• [HOW TO COMPLETE THIS TASK]
Filter the entries below down to the lines that hold "subseteq".

• [DATA SHOWN]
+++

lemma borel_measurable_infdist_vietoris:
  fixes Z :: "'a::heine_borel set"
  assumes X: "X \<subseteq> {K. compact K \<and> K \<noteq> {} \<and> K \<subseteq> Z}"
  shows "(\<lambda>K. infdist g K) \<in> borel_measurable (borel_of (subtopology (vietoris Z) X))"
  unfolding borel_measurable_iff_greater
proof
  fix r
  have "openin (top_of_set Z) (Z \<inter> - cball g r)"
    by (intro openin_open_Int open_Compl closed_cball)
  then have "openin (subtopology (vietoris Z) X) (X \<inter> {K. compact K \<and> K \<subseteq> Z \<inter> - cball g r})"
    by (rule openin_subtopology_Int2[OF openin_vietoris_subsets])
  moreover have "r < infdist g K \<longleftrightarrow> compact K \<and> K \<subseteq> Z \<inter> - cball g r" if "K \<in> X" for K
    using X that less_infdist_iff_subset_Compl_cball[OF compact_imp_closed, of K r g] by auto
  then have "{K \<in> space (borel_of (subtopology (vietoris Z) X)). r < infdist g K}
      = X \<inter> {K. compact K \<and> K \<subseteq> Z \<inter> - cball g r}"
    using X by (auto simp: space_borel_of topspace_vietoris)
  ultimately show "{K \<in> space (borel_of (subtopology (vietoris Z) X)). r < infdist g K}
      \<in> sets (borel_of (subtopology (vietoris Z) X))"
    by (simp add: borel_of_open)
qed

+++

• [RESPONSE]
  assumes X: "X \<subseteq> {K. compact K \<and> K \<noteq> {} \<and> K \<subseteq> Z}"
  then have "openin (subtopology (vietoris Z) X) (X \<inter> {K. compact K \<and> K \<subseteq> Z \<inter> - cball g r})"
  moreover have "r < infdist g K \<longleftrightarrow> compact K \<and> K \<subseteq> Z \<inter> - cball g r" if "K \<in> X" for K
      = X \<inter> {K. compact K \<and> K \<subseteq> Z \<inter> - cball g r}"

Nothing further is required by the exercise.